(Saved data entries)
◆ ◆ ◆ ◆
lemma abs_add_mult_le:
  fixes a b A B p r :: real
  assumes "\<bar>A\<bar> \<le> p" "\<bar>B\<bar> \<le> r"
  shows "\<bar>a * A + b * B\<bar> \<le> p * \<bar>a\<bar> + r * \<bar>b\<bar>"
proof -
  have "\<bar>a * A + b * B\<bar> \<le> \<bar>a\<bar> * \<bar>A\<bar> + \<bar>b\<bar> * \<bar>B\<bar>"
    by (metis abs_mult abs_triangle_ineq)
  also have "\<dots> \<le> \<bar>a\<bar> * p + \<bar>b\<bar> * r"
    using assms by (intro add_mono mult_left_mono) auto
  finally show ?thesis by (simp add: mult.commute)
qed

lemma abs_add3_le:
  fixes a b c :: real
  shows "\<bar>a + b + c\<bar> \<le> \<bar>a\<bar> + \<bar>b\<bar> + \<bar>c\<bar>"
  using abs_triangle_ineq[of "a + b" c] abs_triangle_ineq[of a b] by linarith

lemma abs_change_sub_linear_le:
  fixes f :: "real \<Rightarrow> real"
  assumes "a \<le> b"
    and rate: "\<And>t. a \<le> t \<Longrightarrow> t \<le> b \<Longrightarrow> \<exists>D. (f has_real_derivative D) (at t) \<and> \<bar>D - c\<bar> \<le> M"
  shows "\<bar>f b - f a - c * (b - a)\<bar> \<le> M * (b - a)"
proof -
  have "f a - (c - M) * a \<le> f b - (c - M) * b"
  proof (rule DERIV_nonneg_imp_nondecreasing[OF \<open>a \<le> b\<close>])
    fix t assume "a \<le> t" "t \<le> b"
    with rate obtain D where "(f has_real_derivative D) (at t)" "\<bar>D - c\<bar> \<le> M" by blast
    then show "\<exists>y. ((\<lambda>t. f t - (c - M) * t) has_real_derivative y) (at t) \<and> 0 \<le> y"
      by (intro exI[of _ "D - (c - M)"]) (auto intro!: derivative_eq_intros)
  qed
  moreover have "(c + M) * a - f a \<le> (c + M) * b - f b"
  proof (rule DERIV_nonneg_imp_nondecreasing[OF \<open>a \<le> b\<close>])
    fix t assume "a \<le> t" "t \<le> b"
    with rate obtain D where "(f has_real_derivative D) (at t)" "\<bar>D - c\<bar> \<le> M" by blast
    then show "\<exists>y. ((\<lambda>t. (c + M) * t - f t) has_real_derivative y) (at t) \<and> 0 \<le> y"
      by (intro exI[of _ "(c + M) - D"]) (auto intro!: derivative_eq_intros)
  qed
  ultimately show ?thesis
    by (simp add: abs_le_iff algebra_simps)
qed

lemma div_square_le_powr_neg_three_halves:
  fixes x C :: real
  assumes "1 \<le> x" "0 \<le> C"
  shows "C / x^2 \<le> C * x powr (-3/2)"
proof -
  have "x powr (-2) \<le> x powr (-3/2)"
    using assms by (intro powr_mono) auto
  moreover have "x powr (-2) = 1 / x^2"
    using assms by (simp add: powr_minus_divide)
  ultimately show ?thesis
    using assms by (metis mult_left_mono times_divide_eq_right mult_1_right)
qed

section \<open>The averaged vector field\<close>

definition avg_Sp_rhs :: "real \<Rightarrow> real \<Rightarrow> real" where
  "avg_Sp_rhs z w = - (1 - z) * (1 + z)^2 + 3/2 * w * (2 - z)"

definition avg_w_rhs :: "real \<Rightarrow> real \<Rightarrow> real" where
  "avg_w_rhs z w = (2 * z^2 - 2 * z + 2 - 3 * w) * w"
lemma stieltjes_convolution_diff:
  assumes "continuous_on {0..t} V" "continuous_on {0..t} W"
  shows "stieltjes_convolution A (\<lambda>s. W s - V s) t
    = stieltjes_convolution A W t - stieltjes_convolution A V t"
proof -
  have int: "(\<lambda>s. mat_exp ((t - s) *\<^sub>R A) *v (A *v U s)) integrable_on {0..t}"
    if "continuous_on {0..t} U" for U
    using that by (intro integrable_continuous_real continuous_intros)
  show ?thesis
    unfolding stieltjes_convolution_def
    using integral_diff[OF int[OF assms(2)] int[OF assms(1)]]
    by (simp add: matrix_vector_mult_diff_distrib)
qed

lemma has_integral_stieltjes_convolution:
  fixes V :: "real \<Rightarrow> real^'n::finite"
  assumes "0 \<le> t"
    and V: "\<And>s. s \<in> {0..t} \<Longrightarrow> (V has_vector_derivative V' s) (at s within {0..t})"
  shows "((\<lambda>s. mat_exp ((t - s) *\<^sub>R A) *v V' s) has_integral
      stieltjes_convolution A V t - mat_exp (t *\<^sub>R A) *v V 0) {0..t}"
proof -
  have "continuous_on {0..t} V"
    using V by (meson continuous_on_eq_continuous_within has_vector_derivative_continuous)
  then have "((\<lambda>s. mat_exp ((t - s) *\<^sub>R A) *v (A *v V s)) has_integral
      integral {0..t} (\<lambda>s. mat_exp ((t - s) *\<^sub>R A) *v (A *v V s))) {0..t}"
    by (intro integrable_integral integrable_continuous_real continuous_intros)
  moreover have "((\<lambda>s. mat_exp ((t - s) *\<^sub>R A) *v (V' s - A *v V s)) has_integral
      V t - mat_exp (t *\<^sub>R A) *v V 0) {0..t}"
    by (rule variation_of_constants[OF assms(1)]) (simp add: V)
  ultimately have "((\<lambda>s. mat_exp ((t - s) *\<^sub>R A) *v (V' s - A *v V s)
      + mat_exp ((t - s) *\<^sub>R A) *v (A *v V s)) has_integral
      V t - mat_exp (t *\<^sub>R A) *v V 0 + integral {0..t} (\<lambda>s. mat_exp ((t - s) *\<^sub>R A) *v (A *v V s))) {0..t}"
    by (intro has_integral_add)
  then show ?thesis
    by (simp add: stieltjes_convolution_def matrix_vector_mult_diff_distrib diff_add_eq)
qed

definition steklov_average :: "real \<Rightarrow> (real \<Rightarrow> 'a::banach) \<Rightarrow> real \<Rightarrow> 'a" where
  "steklov_average h W s = integral {s..s + h} W /\<^sub>R h"

lemma steklov_average_eq_diff:
  fixes W :: "real \<Rightarrow> 'a::banach"
  assumes W: "continuous_on {0..} W" and "0 \<le> h" "0 \<le> s"
  shows "steklov_average h W s = (integral {0..s + h} W - integral {0..s} W) /\<^sub>R h"
proof -
  have "W integrable_on {0..s + h}"
    by (rule integrable_continuous_real[OF continuous_on_subset[OF W]]) auto
  then have "integral {s..s + h} W = integral {0..s + h} W - integral {0..s} W"
    using Henstock_Kurzweil_Integration.integral_combine[of 0 s "s + h" W] assms
    by (simp add: algebra_simps)
  then show ?thesis
    by (simp add: steklov_average_def)
qed

lemma has_vector_derivative_steklov_average:
  fixes W :: "real \<Rightarrow> 'a::banach"
  assumes W: "continuous_on {0..} W" and h: "0 \<le> h" and s: "s \<in> {0..t}"
  shows "(steklov_average h W has_vector_derivative (W (s + h) - W s) /\<^sub>R h) (at s within {0..t})"
proof -
  define I where "I r = integral {0..r} W" for r
  have I': "(I has_vector_derivative W r) (at r within {0..t + h})" if "r \<in> {0..t + h}" for r
    unfolding I_def
    by (rule integral_has_vector_derivative[OF continuous_on_subset[OF W] that]) auto
  have "((\<lambda>r. r + h) has_vector_derivative 1) (at s within {0..t})"
    by (auto intro!: derivative_eq_intros simp flip: has_real_derivative_iff_has_vector_derivative)
  moreover have "(I has_vector_derivative W (s + h)) (at ((\<lambda>r. r + h) s) within (\<lambda>r. r + h) ` {0..t})"
    by (rule has_vector_derivative_within_subset[OF I'[of "s + h"]]) (use s h in auto)
  ultimately have "((\<lambda>r. I (r + h)) has_vector_derivative W (s + h)) (at s within {0..t})"
    using vector_diff_chain_within[of "\<lambda>r. r + h" 1 s "{0..t}" I "W (s + h)"] by (simp add: o_def)
  moreover have "(I has_vector_derivative W s) (at s within {0..t})"
    by (rule has_vector_derivative_within_subset[OF I'[of s]]) (use s h in auto)
  ultimately have I_diff: "((\<lambda>r. (I (r + h) - I r) /\<^sub>R h) has_vector_derivative (W (s + h) - W s) /\<^sub>R h)
      (at s within {0..t})"
    by (intro derivative_eq_intros) (auto simp: scaleR_diff_right)
  show ?thesis
    by (rule has_vector_derivative_transform[OF s _ I_diff]) (use W h in \<open>auto simp: I_def steklov_average_eq_diff\<close>)
qed

lemma norm_steklov_average_diff_le:
  fixes W :: "real \<Rightarrow> 'a::banach"
  assumes W: "L-lipschitz_on {0..} W" and h: "0 < h" and s: "0 \<le> s"
  shows "norm (steklov_average h W s - W s) \<le> L * h"
proof -
  have W_cont: "continuous_on {s..s + h} W"
    by (rule lipschitz_on_continuous_on[OF lipschitz_on_subset[OF W]]) (use s in auto)
  have "integral {s..s + h} W = integral {s..s + h} (\<lambda>r. W r - W s) + h *\<^sub>R W s"
    using integral_diff[OF integrable_continuous_real[OF W_cont] integrable_const_ivl, of "W s"] h
    by simp
  then have "steklov_average h W s - W s = integral {s..s + h} (\<lambda>r. W r - W s) /\<^sub>R h"
    using h by (simp add: steklov_average_def scaleR_add_right)
  moreover have "norm (integral {s..s + h} (\<lambda>r. W r - W s)) \<le> (L * h) * (s + h - s)"
  proof (rule integral_bound)
    show "continuous_on {s..s + h} (\<lambda>r. W r - W s)"
      by (intro continuous_intros W_cont)
    fix r assume r: "r \<in> {s..s + h}"
    then have "norm (W r - W s) \<le> L * (r - s)"
      using lipschitz_on_normD[OF W, of r s] s by auto
    also have "\<dots> \<le> L * h"
      using r lipschitz_on_nonneg[OF W] by (intro mult_left_mono) auto
    finally show "norm (W r - W s) \<le> L * h" .
  qed (use h in auto)
  ultimately show ?thesis
    using h by (simp add: field_simps)
qed

section \<open>Integral equations with bounded input\<close>

lemma lipschitz_on_indefinite_integral:
  fixes g :: "real \<Rightarrow> 'a::banach"
  assumes g: "\<And>t. 0 \<le> t \<Longrightarrow> g integrable_on {0..t}"
    and bound: "\<And>s. 0 \<le> s \<Longrightarrow> norm (g s) \<le> L"
  shows "L-lipschitz_on {0..} (\<lambda>t. integral {0..t} g)"
proof -
  have L: "0 \<le> L"
    using bound[of 0] norm_ge_zero order_trans by blast
  show ?thesis
  proof (rule lipschitz_on_leI[OF _ L])
    fix s r :: real assume "s \<in> {0..}" "r \<in> {0..}" "s \<le> r"
    then have sr: "0 \<le> s" "s \<le> r" by auto
    have "integral {0..r} g - integral {0..s} g = integral {s..r} g"
      using Henstock_Kurzweil_Integration.integral_combine[of 0 s r g] g[of r] sr by (simp add: algebra_simps)
    moreover have "g integrable_on {s..r}"
      by (rule integrable_subinterval_real[OF g[of r]]) (use sr in auto)
    then have "norm (integral {s..r} g) \<le> L * (r - s)"
      using has_integral_bound_real[OF L _ integrable_integral, where S = "{}" and f = g and a = s and b = r]
        bound sr by auto
    ultimately show "dist (integral {0..s} g) (integral {0..r} g) \<le> L * dist s r"
      using sr by (simp add: dist_norm norm_minus_commute)
  qed
qed

lemma continuous_on_of_has_integral_increments:
  fixes x f :: "real \<Rightarrow> 'a::banach"
  assumes "\<And>t. 0 \<le> t \<Longrightarrow> (f has_integral (x t - x 0)) {0..t}"
  shows "continuous_on {0..T} x"
proof -
  have "f integrable_on {0..T}"
    using assms[of T] by (cases "0 \<le> T") auto
  then have "continuous_on {0..T} (\<lambda>t. x 0 + integral {0..t} f)"
    by (intro continuous_intros indefinite_integral_continuous_1)
  then show ?thesis
    by (rule continuous_on_eq) (use assms integral_unique in force)
qed

lemma integral_equation_input_integrable:
  fixes x g :: "real \<Rightarrow> real^'n::finite"
  assumes x: "\<And>t. 0 \<le> t \<Longrightarrow> ((\<lambda>s. A *v x s + g s) has_integral (x t - x 0)) {0..t}"
    and "0 \<le> t"
  shows "g integrable_on {0..t}"
proof -
  have "(\<lambda>s. A *v x s) integrable_on {0..t}"
    by (intro integrable_continuous_real continuous_intros continuous_on_of_has_integral_increments[OF x])
  with x[OF \<open>0 \<le> t\<close>] show ?thesis
    using integrable_diff by fastforce
qed

lemma integral_equation_solution:
  fixes x g :: "real \<Rightarrow> real^'n::finite"
  assumes x: "\<And>t. 0 \<le> t \<Longrightarrow> ((\<lambda>s. A *v x s + g s) has_integral (x t - x 0)) {0..t}"
    and t: "0 \<le> t"
  shows "x t = mat_exp (t *\<^sub>R A) *v x 0 + stieltjes_convolution A (\<lambda>s. integral {0..s} g) t"
proof -
  define W where "W s = integral {0..s} g" for s
  \<comment> \<open>Unlike \<open>x\<close>, \<open>y = x - W\<close> is differentiable, with \<open>y' = A x\<close>.\<close>
  define y where "y s = x 0 + integral {0..s} (\<lambda>r. A *v x r)" for s
  have x_cont: "continuous_on {0..T} x" for T
    by (rule continuous_on_of_has_integral_increments[OF x])
  have y_eq: "y s = x s - W s" if "0 \<le> s" for s
  proof -
    have "x s - x 0 = integral {0..s} (\<lambda>r. A *v x r) + W s"
      unfolding W_def
      using integral_unique[OF x[OF that]] integrable_continuous_real[OF continuous_on_matrix_vector_mult[OF x_cont]]
        integral_add integral_equation_input_integrable[OF x that] by metis
    then show ?thesis
      by (simp add: y_def algebra_simps)
  qed
  have "(y has_vector_derivative A *v y s + A *v W s) (at s within {0..t})" if s: "s \<in> {0..t}" for s
  proof -
    have "((\<lambda>u. integral {0..u} (\<lambda>r. A *v x r)) has_vector_derivative A *v x s) (at s within {0..t})"
      by (rule integral_has_vector_derivative[OF continuous_on_matrix_vector_mult[OF x_cont] s])
    then have "(y has_vector_derivative A *v x s) (at s within {0..t})"
      unfolding y_def using has_vector_derivative_add[OF has_vector_derivative_const] by fastforce
    moreover have "A *v x s = A *v y s + A *v W s"
      using y_eq[of s] s by (simp add: matrix_vector_right_distrib[symmetric])
    ultimately show ?thesis by simp
  qed
  then have "integral {0..t} (\<lambda>s. mat_exp ((t - s) *\<^sub>R A) *v (A *v W s)) = y t - mat_exp (t *\<^sub>R A) *v y 0"
    by (intro integral_unique variation_of_constants[OF t])
  then show ?thesis
    using y_eq[OF t] y_eq[of 0] by (simp add: stieltjes_convolution_def W_def[abs_def] algebra_simps)
qed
◆ ◆ ◆ ◆
Your task is to restate, word for word, only those lines above that fall between the line holding "section \<open>The averaged" and the line holding "z w = (2 * z^2", inclusive.

section \<open>The averaged vector field\<close>

definition avg_Sp_rhs :: "real \<Rightarrow> real \<Rightarrow> real" where
  "avg_Sp_rhs z w = - (1 - z) * (1 + z)^2 + 3/2 * w * (2 - z)"

definition avg_w_rhs :: "real \<Rightarrow> real \<Rightarrow> real" where
  "avg_w_rhs z w = (2 * z^2 - 2 * z + 2 - 3 * w) * w"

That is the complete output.